Mastering the 5-layer cake

One of the most versatile desserts I’ve made is the 5-layer, 6-inch cake. With so many layers, you can have a lot of fun with color. Perhaps you’ll make a rainbow cake, or red/green for Christmas? I even make a black and gold Steelers themed cake for my dad’s birthday. While the task may seem like a lot to take on, with the right tools and a little practice, you’ll be good to bake whatever creative cake comes to mind!

Here’s what you’ll need:

  • 5 – 6 inch cake pans (mine are from Wilton)
  • Vibrant colored food dye (I have this Wilton 12-pack)
  • A cake recipe – get creative! Any cake recipe will do, but if you are dying the batter, stick with light colored
  • Frosting recipe (I use one from
  • Parchment paper
  • Icing bags and tips, or ziploc bag

To start, make your cake batter following the recipe. In my experience, any recipe meant to cover a standard 2 – tier 9″ cake will adapt fine for this cake. If you plan to dye the layers, a cake batter lighter in color (such as a white or vanilla cake) will work best. Once the batter is mixed, separate into as many bowls as needed for the number of colors planned. For my Steelers cake, I split into two with one bowl holding slightly more batter, since I planned for 3 yellow layers and two black. Dye the batter using a food coloring gel. The drops are harder to get the vibrant color needed for the color to really show through. Next, spray and line the 5 cake pans with parchment paper. I usually just layer the parchment paper so I can cut multiple circles at the same time that are roughly the size of the bottom of the pan. It doesn’t have to be perfect! Fill the pans until they are not quite to the top and shake each one a bit to level it out. Bake at the temperature given in the recipe, but these will bake much faster, so keep an eye on the oven! After about 10 minutes or so, check the progress by seeing if the top looks slightly browned and if a toothpick comes out clean.

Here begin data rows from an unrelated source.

(* Let $k\geq 1$ and let $\zeta_1,\dots,\zeta_k\in(0,1)$ be real numbers such that $1,\zeta_1,\dots,\zeta_k$ are linearly independent over $\mathbb{Q}$. With the sequences $b_n^{(s)}$, $b_n^{\prime(s)}$ defined in the context, $$\omega\geq\max\left\{\sup_{s\geq 2}\limsup_{n\to\infty}\frac{b^{(s)}_{n+1}-b^{(s)}_n-1}{b^{(s)}_n},\ \sup_{s\ge2}\limsup_{n\to\infty}\frac{b^{\prime(s)}_{n+1}-b^{\prime(s)}_n-1}{b^{\prime(s)}_n}\right\}.$$
   Context: For $X>0$ let $\omega_1(X)$ be the supremum of all real $\nu$ such that $|x|\leq X$, $|\zeta_i x-y_i|\leq X^{-\nu}$ ($1\le i\le k$) has a nonzero solution $(x,y_1,\dots,y_k)\in\mathbb{Z}^{k+1}$; $\omega=\limsup_{X\to\infty}\omega_1(X)$. For an integer $s\ge2$, let $a_1^{i,(s)}<a_2^{i,(s)}<\cdots$ be the positions (after the point) of the nonzero digits in the base-$s$ expansion of $\zeta_i$, and $a_1^{\prime i,(s)}<a_2^{\prime i,(s)}<\cdots$ the positions of the nonzero digits in the base-$s$ expansion of $1-\zeta_i$. Let $(b_n^{(s)})_{n\ge1}$ be the increasing enumeration of $\{a_n^{i,(s)}:1\le i\le k, n\ge1\}$ and $(b_n^{\prime(s)})_{n\ge1}$ the increasing enumeration of $\{a_n^{\prime i,(s)}:1\le i\le k,n\ge1\}$. *)

theory Defs
  imports "HOL-Analysis.Analysis" "HOL-Library.Liminf_Limsup" "HOL-Library.Infinite_Set"
begin

definition omega1 :: "nat \<Rightarrow> (nat \<Rightarrow> real) \<Rightarrow> real \<Rightarrow> ereal" where
  "omega1 k zeta X = Sup (ereal ` {nu :: real. \<exists>(x::int) (y::nat \<Rightarrow> int).
      (x \<noteq> 0 \<or> (\<exists>i\<in>{1..k}. y i \<noteq> 0)) \<and> \<bar>real_of_int x\<bar> \<le> X \<and>
      (\<forall>i\<in>{1..k}. \<bar>zeta i * real_of_int x - real_of_int (y i)\<bar> \<le> X powr (- nu))})"

definition omega :: "nat \<Rightarrow> (nat \<Rightarrow> real) \<Rightarrow> ereal" where
  "omega k zeta = Limsup at_top (\<lambda>X::real. omega1 k zeta X)"

definition digit :: "nat \<Rightarrow> real \<Rightarrow> nat \<Rightarrow> int" where
  "digit s z j = \<lfloor>real s ^ j * z\<rfloor> mod int s"

definition nzpos :: "nat \<Rightarrow> real \<Rightarrow> nat set" where
  "nzpos s z = {j. j \<ge> 1 \<and> digit s z j \<noteq> 0}"

text \<open>Increasing enumeration of the union of positions; bseq k s f n is b_{n+1}
  (0-based indexing of the sequence b_1 < b_2 < ...).\<close>
definition bseq :: "nat \<Rightarrow> nat \<Rightarrow> (nat \<Rightarrow> real) \<Rightarrow> nat \<Rightarrow> nat" where
  "bseq k s f n = enumerate (\<Union>i\<in>{1..k}. nzpos s (f i)) n"

definition gapratio :: "nat \<Rightarrow> nat \<Rightarrow> (nat \<Rightarrow> real) \<Rightarrow> ereal" where
  "gapratio k s f = limsup (\<lambda>n. ereal ((real (bseq k s f (Suc n)) - real (bseq k s f n) - 1)
                                   / real (bseq k s f n)))"

end

theory Submission
  imports Defs
begin

text \<open>If the base-s digits of z vanish at positions m+1, ..., m+g, then s^m z lies within
  s^(-g) of an integer. With m = b_n and g = b_(n+1) - b_n - 1, the integer x = s^m therefore
  approximates every zeta_i at height X = s^m with exponent g/m, and since s^(b_n) tends to
  infinity the limsup of these exponents is at most omega. Linear independence makes zeta_1
  irrational, so there are infinitely many nonzero digits and b is a genuine enumeration. The
  bound for 1 - zeta_i follows because omega is invariant under zeta_i \<mapsto> 1 - zeta_i
  (replace y_i by x - y_i).\<close>

lemma floor_power_Suc_mult_eq:
  assumes "s \<ge> 1"
  shows "\<lfloor>real s ^ Suc j * z\<rfloor> = int s * \<lfloor>real s ^ j * z\<rfloor> + digit s z (Suc j)"
proof -
  define A where "A = \<lfloor>real s ^ Suc j * z\<rfloor>"
  have "A div int s = \<lfloor>real s ^ Suc j * z / real_of_int (int s)\<rfloor>"
    unfolding A_def by (subst floor_divide_real_eq_div) auto
  also have "real s ^ Suc j * z / real_of_int (int s) = real s ^ j * z"
    using assms by (simp add: field_simps)
  finally have "A div int s = \<lfloor>real s ^ j * z\<rfloor>" .
  then show ?thesis
    unfolding digit_def A_def[symmetric] by (metis div_mult_mod_eq mult.commute)
qed

lemma floor_power_add_mult_if_digits_zero:
  assumes "s \<ge> 1" and "\<And>j. m < j \<Longrightarrow> j \<le> m + g \<Longrightarrow> digit s z j = 0"
  shows "\<lfloor>real s ^ (m + g) * z\<rfloor> = int s ^ g * \<lfloor>real s ^ m * z\<rfloor>"
  using assms(2)
proof (induction g)
  case (Suc g)
  have "\<lfloor>real s ^ (m + Suc g) * z\<rfloor>
          = int s * \<lfloor>real s ^ (m + g) * z\<rfloor> + digit s z (Suc (m + g))"
    using floor_power_Suc_mult_eq[OF assms(1)] by simp
  also have "digit s z (Suc (m + g)) = 0"
    using Suc.prems by simp
  also have "\<lfloor>real s ^ (m + g) * z\<rfloor> = int s ^ g * \<lfloor>real s ^ m * z\<rfloor>"
    using Suc by simp
  finally show ?case by simp
qed simp

lemma power_mult_frac_less_if_digits_zero:
  assumes "s \<ge> 1" and "\<And>j. m < j \<Longrightarrow> j \<le> m + g \<Longrightarrow> digit s z j = 0"
  shows "real s ^ g * frac (real s ^ m * z) < 1"
proof -
  have "real s ^ g * (real s ^ m * z) = real s ^ (m + g) * z"
    by (simp add: power_add mult_ac)
  also have "\<dots> < real_of_int \<lfloor>real s ^ (m + g) * z\<rfloor> + 1"
    by linarith
  also have "\<dots> = real s ^ g * \<lfloor>real s ^ m * z\<rfloor> + 1"
    using floor_power_add_mult_if_digits_zero[OF assms] by simp
  finally show ?thesis
    by (simp add: frac_def right_diff_distrib)
qed

lemma infinite_nzpos_if_irrational:
  assumes "s \<ge> 2" and "z \<notin> \<rat>"
  shows "infinite (nzpos s z)"
proof
  assume "finite (nzpos s z)"
  then obtain M where M: "\<forall>j\<in>nzpos s z. j \<le> M"
    using finite_nat_set_iff_bounded_le by blast
  have zero: "digit s z j = 0" if "M < j" for j
  proof (rule ccontr)
    assume "digit s z j \<noteq> 0"
    with that have "j \<in> nzpos s z"
      unfolding nzpos_def by simp
    with M that show False
      by auto
  qed
  define r where "r = frac (real s ^ M * z)"
  have small: "real s ^ g * r < 1" for g
    unfolding r_def using assms(1) zero by (intro power_mult_frac_less_if_digits_zero) auto
  have "r = 0"
  proof (rule ccontr)
    assume "r \<noteq> 0"
    then have "r > 0"
      using frac_ge_0 r_def by (metis order_le_less)
    obtain g where "inverse r < real s ^ g"
      using real_arch_pow[of "real s" "inverse r"] assms(1) by auto
    with \<open>r > 0\<close> have "1 < real s ^ g * r"
      by (simp add: field_simps)
    with small[of g] show False by simp
  qed
  then have "z = real_of_int \<lfloor>real s ^ M * z\<rfloor> / real s ^ M"
    using assms(1) unfolding r_def frac_def by (simp add: field_simps)
  then have "z \<in> \<rat>"
    by (metis Rats_divide Rats_of_int Rats_power Rats_of_nat)
  with assms(2) show False by simp
qed

lemma enumerate_gap_not_in:
  fixes S :: "nat set"
  assumes "infinite S" and "enumerate S n < j" and "j < enumerate S (Suc n)"
  shows "j \<notin> S"
proof
  assume "j \<in> S"
  then obtain m where "j = enumerate S m"
    using enumerate_Ex[OF assms(1)] by blast
  with assms show False
    by (simp add: enumerate_mono_iff)
qed

lemma Limsup_mono_filter:
  fixes f :: "'a \<Rightarrow> 'b::complete_lattice"
  assumes "F \<le> G"
  shows "Limsup F f \<le> Limsup G f"
  unfolding Limsup_def
  by (rule INF_superset_mono) (use assms in \<open>auto simp: le_filter_def\<close>)

lemma Limsup_comp_le_if_filterlim:
  fixes f :: "'b \<Rightarrow> 'c::complete_lattice"
  assumes "filterlim X G F"
  shows "Limsup F (\<lambda>x. f (X x)) \<le> Limsup G f"
proof -
  have "Limsup F (\<lambda>x. f (X x)) \<le> Limsup (filtermap X F) f"
    by (rule Limsup_filtermap_ge)
  also have "\<dots> \<le> Limsup G f"
    using assms unfolding filterlim_def by (rule Limsup_mono_filter)
  finally show ?thesis .
qed

lemma omega1_ge:
  assumes "x \<noteq> 0" and "\<bar>real_of_int x\<bar> \<le> X"
    and "\<And>i. i \<in> {1..k} \<Longrightarrow> \<bar>zeta i * real_of_int x - real_of_int (y i)\<bar> \<le> X powr (- nu)"
  shows "ereal nu \<le> omega1 k zeta X"
  unfolding omega1_def using assms by (intro Sup_upper imageI CollectI exI[of _ x]) blast

lemma omega1_one_minus_ge:
  "omega1 k zeta X \<le> omega1 k (\<lambda>i. 1 - zeta i) X"
  unfolding omega1_def
proof (intro Sup_subset_mono image_mono subsetI, elim CollectE exE conjE, intro CollectI)
  fix nu x and y :: "nat \<Rightarrow> int"
  assume "x \<noteq> 0 \<or> (\<exists>i\<in>{1..k}. y i \<noteq> 0)" and "\<bar>real_of_int x\<bar> \<le> X"
    and approx: "\<forall>i\<in>{1..k}. \<bar>zeta i * real_of_int x - real_of_int (y i)\<bar> \<le> X powr (- nu)"
  moreover have "\<bar>(1 - zeta i) * real_of_int x - real_of_int (x - y i)\<bar>
                   = \<bar>zeta i * real_of_int x - real_of_int (y i)\<bar>" for i
    by (simp add: algebra_simps abs_minus_commute)
  ultimately show "\<exists>x y. (x \<noteq> 0 \<or> (\<exists>i\<in>{1..k}. y i \<noteq> 0)) \<and> \<bar>real_of_int x\<bar> \<le> X \<and>
      (\<forall>i\<in>{1..k}. \<bar>(1 - zeta i) * real_of_int x - real_of_int (y i)\<bar> \<le> X powr (- nu))"
    by (intro exI[of _ x] exI[of _ "\<lambda>i. x - y i"]) auto
qed

lemma omega_one_minus: "omega k (\<lambda>i. 1 - zeta i) = omega k zeta"
proof -
  have "omega1 k (\<lambda>i. 1 - zeta i) = omega1 k zeta"
    using omega1_one_minus_ge[of k zeta] omega1_one_minus_ge[of k "\<lambda>i. 1 - zeta i"]
    by (intro ext antisym) auto
  then show ?thesis
    unfolding omega_def by simp
qed

lemma gap_ratio_le_omega1:
  assumes "s \<ge> 2" and S: "infinite (\<Union>i\<in>{1..k}. nzpos s (zeta i))"
  defines "b \<equiv> bseq k s zeta"
  shows "ereal ((real (b (Suc n)) - real (b n) - 1) / real (b n))
           \<le> omega1 k zeta (real s ^ b n)"
proof -
  define m where "m = b n"
  define g where "g = b (Suc n) - b n - 1"
  have step: "b n < b (Suc n)"
    unfolding b_def bseq_def using enumerate_step[OF S] .
  have "m \<in> (\<Union>i\<in>{1..k}. nzpos s (zeta i))"
    unfolding m_def b_def bseq_def using enumerate_in_set[OF S] .
  then have "m \<ge> 1"
    unfolding nzpos_def by auto
  have zero: "digit s (zeta i) j = 0" if "i \<in> {1..k}" "m < j" "j \<le> m + g" for i j
  proof -
    have "j \<notin> (\<Union>i\<in>{1..k}. nzpos s (zeta i))"
      using enumerate_gap_not_in[OF S, of n j] that step
      unfolding m_def g_def b_def bseq_def by linarith
    with that \<open>m \<ge> 1\<close> show ?thesis
      unfolding nzpos_def by auto
  qed
  define nu where "nu = real g / real m"
  have "(real s ^ m) powr (- nu) = real s powr (- real g)"
    using \<open>s \<ge> 2\<close> \<open>m \<ge> 1\<close> by (simp add: nu_def powr_realpow[symmetric] powr_powr)
  also have "\<dots> = inverse (real s ^ g)"
    using \<open>s \<ge> 2\<close> by (simp add: powr_minus powr_realpow)
  finally have height: "(real s ^ m) powr (- nu) = inverse (real s ^ g)" .
  have "\<bar>zeta i * real_of_int (int s ^ m) - real_of_int \<lfloor>real s ^ m * zeta i\<rfloor>\<bar>
          \<le> (real s ^ m) powr (- nu)" if "i \<in> {1..k}" for i
  proof -
    have "real s ^ g * frac (real s ^ m * zeta i) < 1"
      using \<open>s \<ge> 2\<close> zero[OF that] by (intro power_mult_frac_less_if_digits_zero) auto
    then have "frac (real s ^ m * zeta i) \<le> inverse (real s ^ g)"
      using \<open>s \<ge> 2\<close> by (simp add: field_simps)
    then show ?thesis
      unfolding height by (simp add: frac_def frac_ge_0 mult.commute)
  qed
  then have "ereal nu \<le> omega1 k zeta (real s ^ m)"
    using \<open>s \<ge> 2\<close> by (intro omega1_ge[of "int s ^ m"]) auto
  moreover have "real g = real (b (Suc n)) - real (b n) - 1"
    using step unfolding g_def by auto
  ultimately show ?thesis
    unfolding nu_def m_def by simp
qed

lemma gapratio_le_omega:
  assumes "s \<ge> 2" and S: "infinite (\<Union>i\<in>{1..k}. nzpos s (zeta i))"
  shows "gapratio k s zeta \<le> omega k zeta"
proof -
  define X where "X n = real s ^ bseq k s zeta n" for n
  have "filterlim X at_top sequentially"
  proof (rule filterlim_at_top_mono[OF filterlim_real_sequentially always_eventually], intro allI)
    fix n
    have "n \<le> bseq k s zeta n"
      unfolding bseq_def using le_enumerate[OF S] .
    also have "\<dots> < 2 ^ bseq k s zeta n"
      by (rule less_exp)
    finally have "real n \<le> 2 ^ bseq k s zeta n"
      by (metis of_nat_le_iff of_nat_numeral of_nat_power order_less_imp_le)
    also have "\<dots> \<le> X n"
      unfolding X_def using assms(1) by (intro power_mono) auto
    finally show "real n \<le> X n" .
  qed
  then have "limsup (\<lambda>n. omega1 k zeta (X n)) \<le> omega k zeta"
    unfolding omega_def by (rule Limsup_comp_le_if_filterlim)
  moreover have "gapratio k s zeta \<le> limsup (\<lambda>n. omega1 k zeta (X n))"
    unfolding gapratio_def X_def
    by (intro Limsup_mono always_eventually allI gap_ratio_le_omega1 assms)
  ultimately show ?thesis by simp
qed

lemma not_Rats_if_rat_independent:
  assumes indep: "\<forall>(c0::rat) (c::nat \<Rightarrow> rat).
           of_rat c0 + (\<Sum>i\<in>{1..k}. of_rat (c i) * zeta i) = (0::real)
           \<longrightarrow> c0 = 0 \<and> (\<forall>i\<in>{1..k}. c i = 0)"
    and j: "j \<in> {1..k}"
  shows "zeta j \<notin> \<rat>"
proof
  assume "zeta j \<in> \<rat>"
  then obtain q where q: "zeta j = of_rat q"
    by (auto elim: Rats_cases)
  define c where "c i = (if i = j then 1 else 0 :: rat)" for i
  have "(\<Sum>i\<in>{1..k}. of_rat (c i) * zeta i) = (\<Sum>i\<in>{1..k}. if i = j then zeta i else 0)"
    by (rule sum.cong) (auto simp: c_def)
  also have "\<dots> = zeta j"
    using j by simp
  finally have "(\<Sum>i\<in>{1..k}. of_rat (c i) * zeta i) = zeta j" .
  then have "of_rat (- q) + (\<Sum>i\<in>{1..k}. of_rat (c i) * zeta i) = (0::real)"
    using q by (simp add: of_rat_minus)
  with indep j have "c j = 0"
    by blast
  then show False
    by (simp add: c_def)
qed

theorem corollary2p2:
  fixes k :: nat and zeta :: "nat \<Rightarrow> real"
  assumes "k \<ge> 1"
    and "\<forall>i\<in>{1..k}. 0 < zeta i \<and> zeta i < 1"
    and "\<forall>(c0::rat) (c::nat \<Rightarrow> rat).
           of_rat c0 + (\<Sum>i\<in>{1..k}. of_rat (c i) * zeta i) = (0::real)
           \<longrightarrow> c0 = 0 \<and> (\<forall>i\<in>{1..k}. c i = 0)"
  shows "omega k zeta \<ge> max (SUP s\<in>{2..}. gapratio k s zeta)
                             (SUP s\<in>{2..}. gapratio k s (\<lambda>i. 1 - zeta i))"
proof -
  have one: "1 \<in> {1..k}"
    using assms(1) by simp
  have irrational: "zeta 1 \<notin> \<rat>" "1 - zeta 1 \<notin> \<rat>"
    using not_Rats_if_rat_independent[OF assms(3) one] by (auto dest: Rats_diff[OF Rats_1])
  have infinite: "infinite (\<Union>i\<in>{1..k}. nzpos s (f i))"
    if "s \<ge> 2" and "f 1 \<notin> \<rat>" for s and f :: "nat \<Rightarrow> real"
    using infinite_nzpos_if_irrational[OF that] one by (meson UN_upper infinite_super)
  have "gapratio k s zeta \<le> omega k zeta" if "s \<ge> 2" for s
    using gapratio_le_omega infinite irrational that by blast
  moreover have "gapratio k s (\<lambda>i. 1 - zeta i) \<le> omega k zeta" if "s \<ge> 2" for s
    using gapratio_le_omega[where zeta = "\<lambda>i. 1 - zeta i"] infinite[where f = "\<lambda>i. 1 - zeta i"]
      irrational that omega_one_minus by simp
  ultimately show ?thesis
    by (auto intro!: SUP_least)
qed

end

While the cakes are cooling, whip up your frosting recipe! I would advise making more than you expect – we do have to frost 5-layers! When following’s recipe, I make about 3/4 of what she uses (so 3 sticks of butter and 6 cups of powered sugar). If you plan to color your frosting, do that now as well.

Once the cakes have cooled, you can begin decorating! Assemble the cake on your final surface (cake plate or cake stand) as it will be hard to move after. Put down some frosting in the center so the cake will stick and lay your first cake down. The flatter part of the cake (from the bottom of the pan) should always be the bottom when assembling. If any of your cakes have a tall dome, you’ll want to shave it off with a knife. The top doesn’t have to be perfectly flat, but we at least want something for the next layer to sit atop of. You can leave one layer nicely domed for the top of your cake. Once the first layer is down, add a generous amount of frosting and spread it out. Lay the next layer and repeat until you have added all the layers. Straighten out any leaning layers as you go, so you don’t end up with a leaning cake!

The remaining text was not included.